*DESCRIPTION OF THE TASK*. Once the line containing "text \<open>For \<open>f" is found in the records below, return it and each following line exactly, up to and including the line containing "using nu_fin[of x]", and nothing else.

Dataset entries
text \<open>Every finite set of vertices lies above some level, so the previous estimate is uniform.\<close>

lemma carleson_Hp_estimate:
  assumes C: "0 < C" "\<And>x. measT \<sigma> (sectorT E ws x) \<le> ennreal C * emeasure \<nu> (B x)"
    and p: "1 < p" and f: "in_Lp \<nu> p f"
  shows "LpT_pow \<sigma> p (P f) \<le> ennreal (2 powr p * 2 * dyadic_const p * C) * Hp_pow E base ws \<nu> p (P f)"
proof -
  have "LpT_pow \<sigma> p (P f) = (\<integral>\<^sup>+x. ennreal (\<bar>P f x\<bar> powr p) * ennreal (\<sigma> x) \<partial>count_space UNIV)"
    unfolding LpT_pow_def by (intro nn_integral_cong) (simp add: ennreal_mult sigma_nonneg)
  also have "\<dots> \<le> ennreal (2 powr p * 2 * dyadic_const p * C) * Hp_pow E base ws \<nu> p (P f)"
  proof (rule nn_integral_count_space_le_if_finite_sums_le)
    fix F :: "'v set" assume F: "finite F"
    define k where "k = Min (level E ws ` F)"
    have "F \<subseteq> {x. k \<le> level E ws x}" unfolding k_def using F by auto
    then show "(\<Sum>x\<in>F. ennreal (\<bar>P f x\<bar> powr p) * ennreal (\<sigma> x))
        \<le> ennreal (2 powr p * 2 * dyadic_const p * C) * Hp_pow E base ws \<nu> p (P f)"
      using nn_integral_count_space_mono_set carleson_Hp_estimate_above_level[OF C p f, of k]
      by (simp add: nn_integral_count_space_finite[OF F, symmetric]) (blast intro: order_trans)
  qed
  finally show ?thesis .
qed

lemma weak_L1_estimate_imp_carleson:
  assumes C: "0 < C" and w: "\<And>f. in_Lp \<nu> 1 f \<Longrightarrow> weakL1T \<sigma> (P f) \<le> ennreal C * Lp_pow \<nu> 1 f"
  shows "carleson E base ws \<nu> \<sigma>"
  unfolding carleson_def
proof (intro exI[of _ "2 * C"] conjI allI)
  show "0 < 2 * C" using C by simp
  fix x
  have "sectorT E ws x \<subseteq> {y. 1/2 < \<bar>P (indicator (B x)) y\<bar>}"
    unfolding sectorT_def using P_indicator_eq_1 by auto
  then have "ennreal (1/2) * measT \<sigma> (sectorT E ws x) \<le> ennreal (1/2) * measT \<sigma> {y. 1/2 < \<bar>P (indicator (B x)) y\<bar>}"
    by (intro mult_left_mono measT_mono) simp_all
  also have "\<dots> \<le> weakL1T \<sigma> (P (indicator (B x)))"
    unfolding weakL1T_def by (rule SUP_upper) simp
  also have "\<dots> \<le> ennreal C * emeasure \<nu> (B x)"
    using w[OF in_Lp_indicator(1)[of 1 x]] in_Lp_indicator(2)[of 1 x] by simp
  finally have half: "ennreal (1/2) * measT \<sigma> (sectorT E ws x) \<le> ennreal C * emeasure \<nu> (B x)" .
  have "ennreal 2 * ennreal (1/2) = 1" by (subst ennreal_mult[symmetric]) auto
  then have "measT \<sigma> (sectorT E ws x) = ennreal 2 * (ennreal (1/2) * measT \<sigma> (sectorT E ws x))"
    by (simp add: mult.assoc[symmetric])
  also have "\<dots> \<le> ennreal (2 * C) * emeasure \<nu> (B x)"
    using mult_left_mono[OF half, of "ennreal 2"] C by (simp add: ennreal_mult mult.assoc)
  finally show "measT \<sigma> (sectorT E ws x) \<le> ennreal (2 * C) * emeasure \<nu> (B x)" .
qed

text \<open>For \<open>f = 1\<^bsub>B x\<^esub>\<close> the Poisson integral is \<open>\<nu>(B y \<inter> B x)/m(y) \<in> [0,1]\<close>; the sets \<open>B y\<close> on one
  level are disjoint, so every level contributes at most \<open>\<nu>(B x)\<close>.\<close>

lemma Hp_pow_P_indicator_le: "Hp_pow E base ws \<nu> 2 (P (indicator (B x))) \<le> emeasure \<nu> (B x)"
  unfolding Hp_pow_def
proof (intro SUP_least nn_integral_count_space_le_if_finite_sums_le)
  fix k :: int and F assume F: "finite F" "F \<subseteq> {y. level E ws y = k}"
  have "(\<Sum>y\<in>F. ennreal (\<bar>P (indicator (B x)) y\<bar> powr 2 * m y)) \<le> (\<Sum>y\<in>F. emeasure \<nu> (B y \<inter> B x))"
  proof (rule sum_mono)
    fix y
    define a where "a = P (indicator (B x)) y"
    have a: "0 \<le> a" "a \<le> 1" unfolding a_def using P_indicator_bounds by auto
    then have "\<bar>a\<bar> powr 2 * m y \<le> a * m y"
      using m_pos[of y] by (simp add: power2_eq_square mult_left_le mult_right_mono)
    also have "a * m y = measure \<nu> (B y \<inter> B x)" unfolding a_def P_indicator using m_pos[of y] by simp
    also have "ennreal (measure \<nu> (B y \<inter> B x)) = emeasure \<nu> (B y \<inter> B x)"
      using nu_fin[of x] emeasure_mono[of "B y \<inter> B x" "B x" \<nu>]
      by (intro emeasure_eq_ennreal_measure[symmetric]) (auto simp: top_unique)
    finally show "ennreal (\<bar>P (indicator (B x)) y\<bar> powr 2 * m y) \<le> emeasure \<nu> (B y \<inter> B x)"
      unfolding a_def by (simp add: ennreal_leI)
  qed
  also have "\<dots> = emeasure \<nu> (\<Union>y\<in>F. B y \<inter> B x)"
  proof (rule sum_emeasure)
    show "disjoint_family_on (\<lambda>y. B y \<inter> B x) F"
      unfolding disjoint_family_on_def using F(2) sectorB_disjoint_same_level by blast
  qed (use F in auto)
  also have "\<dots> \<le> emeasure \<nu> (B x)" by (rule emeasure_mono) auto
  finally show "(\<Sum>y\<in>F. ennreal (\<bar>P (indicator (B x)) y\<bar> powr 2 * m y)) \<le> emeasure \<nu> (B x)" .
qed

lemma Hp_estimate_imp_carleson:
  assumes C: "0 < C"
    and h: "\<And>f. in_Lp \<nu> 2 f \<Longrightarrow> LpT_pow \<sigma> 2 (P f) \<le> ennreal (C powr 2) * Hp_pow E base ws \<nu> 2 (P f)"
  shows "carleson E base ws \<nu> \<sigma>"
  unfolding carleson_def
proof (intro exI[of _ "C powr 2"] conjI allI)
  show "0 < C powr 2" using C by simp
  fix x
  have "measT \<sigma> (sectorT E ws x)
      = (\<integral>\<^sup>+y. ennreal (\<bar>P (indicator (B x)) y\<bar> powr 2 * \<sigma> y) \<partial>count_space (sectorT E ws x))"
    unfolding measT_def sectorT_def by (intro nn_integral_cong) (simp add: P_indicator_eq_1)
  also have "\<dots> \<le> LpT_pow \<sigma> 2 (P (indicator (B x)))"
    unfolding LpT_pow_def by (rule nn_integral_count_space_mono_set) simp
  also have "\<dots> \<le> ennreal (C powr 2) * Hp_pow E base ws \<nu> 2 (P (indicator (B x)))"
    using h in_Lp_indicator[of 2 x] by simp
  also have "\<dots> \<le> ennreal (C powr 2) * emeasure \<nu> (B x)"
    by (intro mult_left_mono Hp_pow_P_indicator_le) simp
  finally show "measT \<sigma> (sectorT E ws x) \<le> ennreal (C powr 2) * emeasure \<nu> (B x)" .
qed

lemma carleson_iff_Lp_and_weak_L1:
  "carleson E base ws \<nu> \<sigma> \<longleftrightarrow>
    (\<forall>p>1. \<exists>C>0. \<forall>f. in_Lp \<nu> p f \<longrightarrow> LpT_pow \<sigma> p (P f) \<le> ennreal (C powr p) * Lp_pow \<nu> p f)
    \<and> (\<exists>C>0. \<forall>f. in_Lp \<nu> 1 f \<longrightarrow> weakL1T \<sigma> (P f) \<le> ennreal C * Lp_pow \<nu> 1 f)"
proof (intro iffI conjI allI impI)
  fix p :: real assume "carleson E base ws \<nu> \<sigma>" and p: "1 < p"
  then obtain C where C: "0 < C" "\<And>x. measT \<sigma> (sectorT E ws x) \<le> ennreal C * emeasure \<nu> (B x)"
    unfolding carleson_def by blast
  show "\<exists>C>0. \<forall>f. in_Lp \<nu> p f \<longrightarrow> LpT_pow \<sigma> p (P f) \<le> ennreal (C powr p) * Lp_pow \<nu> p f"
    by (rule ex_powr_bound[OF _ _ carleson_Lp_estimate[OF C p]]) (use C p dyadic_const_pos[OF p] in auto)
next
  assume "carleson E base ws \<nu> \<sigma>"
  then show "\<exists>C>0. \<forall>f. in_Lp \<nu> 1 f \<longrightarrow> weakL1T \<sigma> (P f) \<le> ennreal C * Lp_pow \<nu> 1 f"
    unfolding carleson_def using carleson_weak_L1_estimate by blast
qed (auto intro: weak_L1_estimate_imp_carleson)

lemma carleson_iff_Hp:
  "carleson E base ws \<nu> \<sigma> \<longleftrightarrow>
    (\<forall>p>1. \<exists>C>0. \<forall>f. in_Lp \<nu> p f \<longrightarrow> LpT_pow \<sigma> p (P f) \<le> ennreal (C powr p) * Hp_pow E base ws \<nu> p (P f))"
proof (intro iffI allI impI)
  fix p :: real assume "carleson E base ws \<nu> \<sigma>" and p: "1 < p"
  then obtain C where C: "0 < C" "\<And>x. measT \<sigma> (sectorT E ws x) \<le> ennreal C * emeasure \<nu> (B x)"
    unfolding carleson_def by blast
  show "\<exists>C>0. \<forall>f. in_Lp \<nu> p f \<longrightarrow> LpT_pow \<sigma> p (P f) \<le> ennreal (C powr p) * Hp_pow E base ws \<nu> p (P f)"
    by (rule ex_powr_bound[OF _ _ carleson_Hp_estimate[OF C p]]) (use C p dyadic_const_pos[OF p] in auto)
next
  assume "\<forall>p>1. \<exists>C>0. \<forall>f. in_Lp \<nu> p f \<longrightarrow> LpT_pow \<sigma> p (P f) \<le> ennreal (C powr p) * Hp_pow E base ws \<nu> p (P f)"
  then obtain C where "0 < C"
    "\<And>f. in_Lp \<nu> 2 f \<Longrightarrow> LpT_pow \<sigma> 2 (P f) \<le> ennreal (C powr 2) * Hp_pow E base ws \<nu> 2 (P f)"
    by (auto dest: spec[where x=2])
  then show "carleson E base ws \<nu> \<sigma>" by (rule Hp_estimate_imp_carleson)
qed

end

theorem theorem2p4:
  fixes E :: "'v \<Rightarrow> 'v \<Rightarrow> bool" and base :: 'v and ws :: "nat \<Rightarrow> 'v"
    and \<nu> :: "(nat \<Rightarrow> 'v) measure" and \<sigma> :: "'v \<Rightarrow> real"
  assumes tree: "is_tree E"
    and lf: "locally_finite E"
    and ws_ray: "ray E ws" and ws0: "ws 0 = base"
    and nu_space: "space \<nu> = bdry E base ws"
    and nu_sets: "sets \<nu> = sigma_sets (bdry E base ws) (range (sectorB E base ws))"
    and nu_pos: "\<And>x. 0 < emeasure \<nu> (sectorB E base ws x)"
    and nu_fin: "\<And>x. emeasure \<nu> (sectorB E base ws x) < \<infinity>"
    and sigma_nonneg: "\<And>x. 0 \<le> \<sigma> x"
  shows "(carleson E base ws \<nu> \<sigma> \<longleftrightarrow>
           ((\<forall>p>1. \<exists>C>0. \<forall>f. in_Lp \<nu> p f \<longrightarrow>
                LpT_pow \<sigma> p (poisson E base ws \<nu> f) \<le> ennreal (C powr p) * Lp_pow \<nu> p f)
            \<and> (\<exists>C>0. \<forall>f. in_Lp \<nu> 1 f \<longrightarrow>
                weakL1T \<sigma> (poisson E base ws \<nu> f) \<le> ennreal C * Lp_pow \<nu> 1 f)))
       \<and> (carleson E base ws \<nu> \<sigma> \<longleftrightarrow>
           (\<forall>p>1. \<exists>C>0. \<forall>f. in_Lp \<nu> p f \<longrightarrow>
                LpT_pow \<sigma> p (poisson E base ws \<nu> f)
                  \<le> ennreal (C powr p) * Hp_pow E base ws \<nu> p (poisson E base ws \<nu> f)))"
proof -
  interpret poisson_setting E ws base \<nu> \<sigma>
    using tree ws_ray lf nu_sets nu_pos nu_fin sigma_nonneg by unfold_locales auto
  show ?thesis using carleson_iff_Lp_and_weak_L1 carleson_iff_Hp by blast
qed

*ANSWER FOR THE TASK*.
text \<open>For \<open>f = 1\<^bsub>B x\<^esub>\<close> the Poisson integral is \<open>\<nu>(B y \<inter> B x)/m(y) \<in> [0,1]\<close>; the sets \<open>B y\<close> on one
  level are disjoint, so every level contributes at most \<open>\<nu>(B x)\<close>.\<close>

lemma Hp_pow_P_indicator_le: "Hp_pow E base ws \<nu> 2 (P (indicator (B x))) \<le> emeasure \<nu> (B x)"
  unfolding Hp_pow_def
proof (intro SUP_least nn_integral_count_space_le_if_finite_sums_le)
  fix k :: int and F assume F: "finite F" "F \<subseteq> {y. level E ws y = k}"
  have "(\<Sum>y\<in>F. ennreal (\<bar>P (indicator (B x)) y\<bar> powr 2 * m y)) \<le> (\<Sum>y\<in>F. emeasure \<nu> (B y \<inter> B x))"
  proof (rule sum_mono)
    fix y
    define a where "a = P (indicator (B x)) y"
    have a: "0 \<le> a" "a \<le> 1" unfolding a_def using P_indicator_bounds by auto
    then have "\<bar>a\<bar> powr 2 * m y \<le> a * m y"
      using m_pos[of y] by (simp add: power2_eq_square mult_left_le mult_right_mono)
    also have "a * m y = measure \<nu> (B y \<inter> B x)" unfolding a_def P_indicator using m_pos[of y] by simp
    also have "ennreal (measure \<nu> (B y \<inter> B x)) = emeasure \<nu> (B y \<inter> B x)"
      using nu_fin[of x] emeasure_mono[of "B y \<inter> B x" "B x" \<nu>]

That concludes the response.